那九條將她死死禁錮、如同血色鋼樁般的恐怖狐尾,也如同蜘蛛的步足,一條接著一條,從她身周的地面中拔出,帶起碎石和塵土,緩緩向後退。
光線驟然明亮起來。
薛風禾猛地從地上坐起。
她看到,胡至已然恢復了那副明霞般俊美的人形姿態,暗紅浴袍鬆垮地披在身上,隨意地站在不遠處破碎的玉磚上,目光淡淡的,看向自己的徒弟,塗山縝。
白狐青年正將排簫從唇邊移開,淺藍廣袖垂下,將那骨制的排簫半掩。
“阿縝,”胡至聲線懶洋洋的,聽不出情緒,“越長大越調皮了,連為師‘授課’的興致,都能打斷。”
塗山縝聲線清冷,一本正經地道:“一口吃不成個胖子,上了這麼久的課,不管是師傅還是弟子都需要時間休息。更何況,就算是好意,對方要是不喜歡,好意也變成了惡意。不就白白浪費了時間和情緒。”
胡至聞言,青金色的豎瞳裡掠過一絲戲謔,悠悠然笑道:“嘰裡咕嚕的一大堆,道理都讓你佔全了。
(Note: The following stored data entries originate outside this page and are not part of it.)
lemma card_rows_with_entry:
  assumes c: "c \<in> C" and c': "c' \<in> C" "c \<noteq> c'" and s: "s \<in> S"
  shows "card {r \<in> R. A r c = s} = v"
proof -
  have "bij_betw (\<lambda>r. A r c') {r \<in> R. A r c = s} S"
  proof (rule bij_betw_imageI)
    show "inj_on (\<lambda>r. A r c') {r \<in> R. A r c = s}"
      using row_eqI[OF c c'] by (auto intro!: inj_onI)
    show "(\<lambda>r. A r c') ` {r \<in> R. A r c = s} = S"
    proof
      show "(\<lambda>r. A r c') ` {r \<in> R. A r c = s} \<subseteq> S" using entry_in c' by blast
      show "S \<subseteq> (\<lambda>r. A r c') ` {r \<in> R. A r c = s}"
      proof
        fix t assume "t \<in> S"
        then obtain r where "r \<in> R" "A r c = s" "A r c' = t"
          using ex1_row[OF c c' s] by blast
        then show "t \<in> (\<lambda>r. A r c') ` {r \<in> R. A r c = s}" by force
      qed
    qed
  qed
  then show ?thesis using card_symbols bij_betw_same_card by metis
qed

text \<open>Fixing a row r, every column contributes v - 1 further rows agreeing with r there, and
  these sets are disjoint; with v + 1 columns they exhaust the v^2 - 1 rows other than r.\<close>
lemma rows_agree_somewhere:
  assumes C: "finite C" "card C = v + 1" and r: "r \<in> R" and r': "r' \<in> R"
  shows "\<exists>c\<in>C. A r c = A r' c"
proof (cases "r' = r")
  case True
  then show ?thesis using C by (metis add_is_0 card.empty equals0I one_neq_zero)
next
  case False
  have "v \<noteq> 0" using r card_rows finite_rows card_0_eq by fastforce
  define T where "T c = {q \<in> R - {r}. A q c = A r c}" for c
  have card_T: "card (T c) = v - 1" if c: "c \<in> C" for c
  proof -
    have "card (C - {c}) = v" using C c by simp
    then have "C - {c} \<noteq> {}" using \<open>v \<noteq> 0\<close> by (metis card.empty)
    then obtain c' where "c' \<in> C" "c \<noteq> c'" by blast
    then have "card {q \<in> R. A q c = A r c} = v"
      using card_rows_with_entry[OF c] entry_in[OF r c] by blast
    moreover have "T c = {q \<in> R. A q c = A r c} - {r}" by (auto simp: T_def)
    ultimately show ?thesis using r finite_rows by simp
  qed
  have disjoint: "T c \<inter> T c' = {}" if "c \<in> C" "c' \<in> C" "c \<noteq> c'" for c c'
    using row_eqI[OF that _ r] by (auto simp: T_def)
  have "card (\<Union>c\<in>C. T c) = (\<Sum>c\<in>C. card (T c))"
    using disjoint finite_rows C(1) by (intro card_UN_disjoint) (auto simp: T_def)
  also have "\<dots> = (v + 1) * (v - 1)" using card_T C(2) by simp
  also have "\<dots> = card (R - {r})" using card_rows r finite_rows by (simp add: power2_eq_square algebra_simps)
  finally have "(\<Union>c\<in>C. T c) = R - {r}"
    using finite_rows by (intro card_subset_eq) (auto simp: T_def)
  then have "r' \<in> (\<Union>c\<in>C. T c)" using r' False by blast
  then show ?thesis by (force simp: T_def)
qed

end

lemma projective_plane_ex1_line:
  "\<lbrakk>projective_plane P L inc; p \<in> P; q \<in> P; p \<noteq> q\<rbrakk> \<Longrightarrow> \<exists>!l. l \<in> L \<and> inc p l \<and> inc q l"
  by (simp add: projective_plane_def)

lemma projective_plane_ex1_point:
  "\<lbrakk>projective_plane P L inc; l \<in> L; k \<in> L; l \<noteq> k\<rbrakk> \<Longrightarrow> \<exists>!p. p \<in> P \<and> inc p l \<and> inc p k"
  by (simp add: projective_plane_def)

locale hjelmslev_construction =
  fixes m :: nat
    and Pts :: "'a set" and Lns :: "'b set" and inc :: "'a \<Rightarrow> 'b \<Rightarrow> bool"
    and X :: "'a \<Rightarrow> 'x set" and AL :: "'a \<Rightarrow> 'x set set"
    and R :: "'b \<Rightarrow> 'r set" and S :: "'b \<Rightarrow> 's set" and Arr :: "'b \<Rightarrow> 'r \<Rightarrow> 'a \<Rightarrow> 's"
    and \<pi> :: "'a \<Rightarrow> 'b \<Rightarrow> 'x set set" and \<beta> :: "'a \<Rightarrow> 'b \<Rightarrow> 's \<Rightarrow> 'x set"
  assumes order_ge2: "2 \<le> m"
    and projective: "projective_plane_of_order Pts Lns inc m"
    and affine: "\<forall>P\<in>Pts. affine_plane_of_order (X P) (AL P) m"
    and arrays: "\<forall>l\<in>Lns. OA2 (R l) {P\<in>Pts. inc P l} (S l) (Arr l) m"
    and class_bij: "\<forall>P\<in>Pts. bij_betw (\<pi> P) {l\<in>Lns. inc P l} (parallel_classes (X P) (AL P))"
    and slice_bij: "\<forall>P\<in>Pts. \<forall>l\<in>Lns. inc P l \<longrightarrow> bij_betw (\<beta> P l) (S l) (\<pi> P l)"
begin

abbreviation "points_on l \<equiv> {P\<in>Pts. inc P l}"
abbreviation "HPts \<equiv> H_points Pts X"
abbreviation "HLns \<equiv> H_lines Pts Lns inc R \<beta> Arr"
abbreviation "hline \<equiv> H_line Pts inc \<beta> Arr"
abbreviation "slice l r P \<equiv> \<beta> P l (Arr l r P)"

lemma fibre_affine: "P \<in> Pts \<Longrightarrow> affine_plane_order (X P) (AL P) m"
  using affine order_ge2 by (simp add: affine_plane_order_def)

lemma line_array: "l \<in> Lns \<Longrightarrow> orthogonal_array (R l) (points_on l) (S l) (Arr l) m"
  using arrays by (simp add: orthogonal_array_def)

lemma projective_plane: "projective_plane Pts Lns inc"
  using projective by (simp add: projective_plane_of_order_def)

lemma card_points_on: "l \<in> Lns \<Longrightarrow> card (points_on l) = m + 1"
  using projective by (simp add: projective_plane_of_order_def)

lemma finite_points_on: "l \<in> Lns \<Longrightarrow> finite (points_on l)"
  using card_points_on card.infinite by (metis add_is_0 one_neq_zero)

lemma two_points_on_line:
  assumes "l \<in> Lns" obtains P Q where "P \<in> points_on l" "Q \<in> points_on l" "P \<noteq> Q"
proof -
  have "\<not> card (points_on l) \<le> Suc 0" using card_points_on[OF assms] order_ge2 by simp
  then show thesis using that card_le_Suc0_iff_eq[OF finite_points_on[OF assms]] by blast
qed

lemma ex_line_through:
  assumes "P \<in> Pts" shows "\<exists>l\<in>Lns. inc P l"
proof -
  have "card {l \<in> Lns. inc P l} = m + 1"
    using projective assms by (simp add: projective_plane_of_order_def)
  then have "{l \<in> Lns. inc P l} \<noteq> {}" by (metis card.empty add_is_0 one_neq_zero)
  then show ?thesis by blast
qed

lemma join_unique:
  assumes "P \<in> Pts" "Q \<in> Pts" "P \<noteq> Q" "l \<in> Lns" "l' \<in> Lns"
    and "inc P l" "inc Q l" "inc P l'" "inc Q l'"
  shows "l = l'"
  using projective_plane_ex1_line[OF projective_plane assms(1-3)] assms(4-) by blast

lemma meet_unique:
  assumes "l \<in> Lns" "l' \<in> Lns" "l \<noteq> l'" "P \<in> Pts" "Q \<in> Pts"
    and "inc P l" "inc P l'" "inc Q l" "inc Q l'"
  shows "P = Q"
  using projective_plane_ex1_point[OF projective_plane assms(1-3)] assms(4-) by blast

lemma class_bij_at: "P \<in> Pts \<Longrightarrow> bij_betw (\<pi> P) {l \<in> Lns. inc P l} (parallel_classes (X P) (AL P))"
  using class_bij by blast

lemma slice_bij_at: "\<lbrakk>P \<in> Pts; l \<in> Lns; inc P l\<rbrakk> \<Longrightarrow> bij_betw (\<beta> P l) (S l) (\<pi> P l)"
  using slice_bij by blast

lemma class_of_line:
  "\<lbrakk>P \<in> Pts; l \<in> Lns; inc P l\<rbrakk> \<Longrightarrow> \<pi> P l \<in> parallel_classes (X P) (AL P)"
  using bij_betwE[OF class_bij_at] by blast

lemma class_of_line_inj:
  assumes "P \<in> Pts" "l \<in> Lns" "l' \<in> Lns" "inc P l" "inc P l'" "\<pi> P l = \<pi> P l'"
  shows "l = l'"
  using inj_onD[OF bij_betw_imp_inj_on[OF class_bij_at[OF assms(1)]] assms(6)] assms(2-5) by simp

lemma slice_in_class:
  "\<lbrakk>P \<in> Pts; l \<in> Lns; inc P l; s \<in> S l\<rbrakk> \<Longrightarrow> \<beta> P l s \<in> \<pi> P l"
  using bij_betwE[OF slice_bij_at] by blast

lemma slice_image: "\<lbrakk>P \<in> Pts; l \<in> Lns; inc P l\<rbrakk> \<Longrightarrow> \<beta> P l ` S l = \<pi> P l"
  using bij_betw_imp_surj_on[OF slice_bij_at] by blast

lemma slice_line:
  "\<lbrakk>P \<in> Pts; l \<in> Lns; inc P l; s \<in> S l\<rbrakk> \<Longrightarrow> \<beta> P l s \<in> AL P"
  using affine_plane_order.parallel_classes_subset[OF fibre_affine class_of_line] slice_in_class
  by blast

lemma slice_eqI:
  assumes P: "P \<in> Pts" and l: "l \<in> Lns" "inc P l" and s: "s \<in> S l" "s' \<in> S l"
    and "x \<in> \<beta> P l s" "x \<in> \<beta> P l s'"
  shows "s = s'"
proof -
  have "\<beta> P l s = \<beta> P l s'"
    using affine_plane_order.parallel_class_disjoint[OF fibre_affine[OF P] class_of_line[OF P l]
        slice_in_class[OF P l s(1)] slice_in_class[OF P l s(2)]] assms(6,7)
    by blast
  then show ?thesis using inj_onD[OF bij_betw_imp_inj_on[OF slice_bij_at[OF P l]]] s by blast
qed

lemma slice_inj:
  assumes P: "P \<in> Pts" and l: "l \<in> Lns" "inc P l" and l': "l' \<in> Lns" "inc P l'"
    and s: "s \<in> S l" and s': "s' \<in> S l'" and eq: "\<beta> P l s = \<beta> P l' s'"
  shows "l = l' \<and> s = s'"
proof -
  have "\<pi> P l = \<pi> P l'"
    using affine_plane_order.parallel_class_unique[OF fibre_affine[OF P] class_of_line[OF P l]
        class_of_line[OF P l'] slice_in_class[OF P l s]] slice_in_class[OF P l' s'] eq
    by simp
  then have "l = l'" using class_of_line_inj P l l' by blast
  moreover have "s = s'"
    using inj_onD[OF bij_betw_imp_inj_on[OF slice_bij_at[OF P l]]] calculation s s' eq by blast
  ultimately show ?thesis ..
qed

lemma ex_slice_containing:
  assumes P: "P \<in> Pts" and l: "l \<in> Lns" "inc P l" and x: "x \<in> X P"
  shows "\<exists>s\<in>S l. x \<in> \<beta> P l s"
proof -
  obtain a where "a \<in> \<pi> P l" "x \<in> a"
    using affine_plane_order.parallel_class_covers[OF fibre_affine[OF P] class_of_line[OF P l] x]
    by blast
  then show ?thesis using slice_image[OF P l] by blast
qed

lemma line_is_slice:
  assumes P: "P \<in> Pts" and a: "a \<in> AL P"
  obtains l s where "l \<in> Lns" "inc P l" "s \<in> S l" "\<beta> P l s = a"
proof -
  obtain C where C: "C \<in> parallel_classes (X P) (AL P)" "a \<in> C"
    using affine_plane_order.ex_parallel_class[OF fibre_affine[OF P] a] by blast
  then have "C \<in> \<pi> P ` {l \<in> Lns. inc P l}"
    using bij_betw_imp_surj_on[OF class_bij_at[OF P]] by simp
  then obtain l where l: "l \<in> Lns" "inc P l" "\<pi> P l = C" by blast
  then have "a \<in> \<beta> P l ` S l" using C(2) slice_image[OF P l(1,2)] by simp
  then show thesis using that l(1,2) by blast
qed

lemma ex1_slices_meet:
  assumes P: "P \<in> Pts" and l: "l \<in> Lns" "inc P l" and l': "l' \<in> Lns" "inc P l'" "l \<noteq> l'"
    and s: "s \<in> S l" and s': "s' \<in> S l'"
  shows "\<exists>!x. x \<in> \<beta> P l s \<and> x \<in> \<beta> P l' s'"
proof -
  have "\<pi> P l \<noteq> \<pi> P l'" using class_of_line_inj P l l' by blast
  then show ?thesis
    by (rule affine_plane_order.ex1_meet[OF fibre_affine[OF P] class_of_line[OF P l]
          class_of_line[OF P l'(1,2)] _ slice_in_class[OF P l s] slice_in_class[OF P l'(1,2) s']])
qed

lemma mem_hline [simp]: "(P, x) \<in> hline l r \<longleftrightarrow> P \<in> Pts \<and> inc P l \<and> x \<in> slice l r P"
  by (simp add: H_line_def)

lemma mem_HPts [simp]: "(P, x) \<in> HPts \<longleftrightarrow> P \<in> Pts \<and> x \<in> X P"
  by (simp add: H_points_def)

lemma HLns_iff: "g \<in> HLns \<longleftrightarrow> (\<exists>l\<in>Lns. \<exists>r\<in>R l. g = hline l r)"
  by (auto simp: H_lines_def)

lemma HLnsE:
  assumes "g \<in> HLns" obtains l r where "l \<in> Lns" "r \<in> R l" "g = hline l r"
  using assms unfolding HLns_iff by blast

lemma hline_in_HLns: "\<lbrakk>l \<in> Lns; r \<in> R l\<rbrakk> \<Longrightarrow> hline l r \<in> HLns"
  unfolding HLns_iff by blast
我給她上堂課你都著急打斷,這要是日後我收了她來給你當師妹,你豈不是要急得上房揭瓦,跟我鬧翻天?”
塗山縝果然愣住,一向沒什麼表情的臉上,眼瞳微微睜大。
“師妹?!” 令狐玄眼睛唰地亮了,五條黑狐尾歡快搖了一下,聲音裡帶著毫不掩飾的興奮,“真的嗎師傅?我們要有小師妹了?”
薛風禾從地上站起來,驚疑地看著這三個狐妖,防備地道:“請不要自說自話好嗎?這裡零個人想加入你們。”
胡至慵懶地伸手將自己額前的長髮往後一梳,露出光潔的額頭,他嘴角噙著笑,眼神卻有些疏淡:“不想加入,你還留在這兒做什麼?等我請你吃宵夜麼?”
薛風禾詫異地挑了下眉,幾乎懷疑自己聽錯了:“你……讓我走?”
胡至已經梳好了漆黑如瀑的長髮,轉身,踏著悠閒的步子往庭院深處走去,只留下一個披著暗紅浴袍的慵懶背影和一句拖長了調子的話:
“都說了,現在是休假時間——我這兒,不提倡加班。”
見他真就這麼走遠了,沒再回頭,薛風禾心頭一鬆。她一秒都不想多待,毫不猶豫地轉身,朝著記憶中來時的破損牆口方向疾步走去。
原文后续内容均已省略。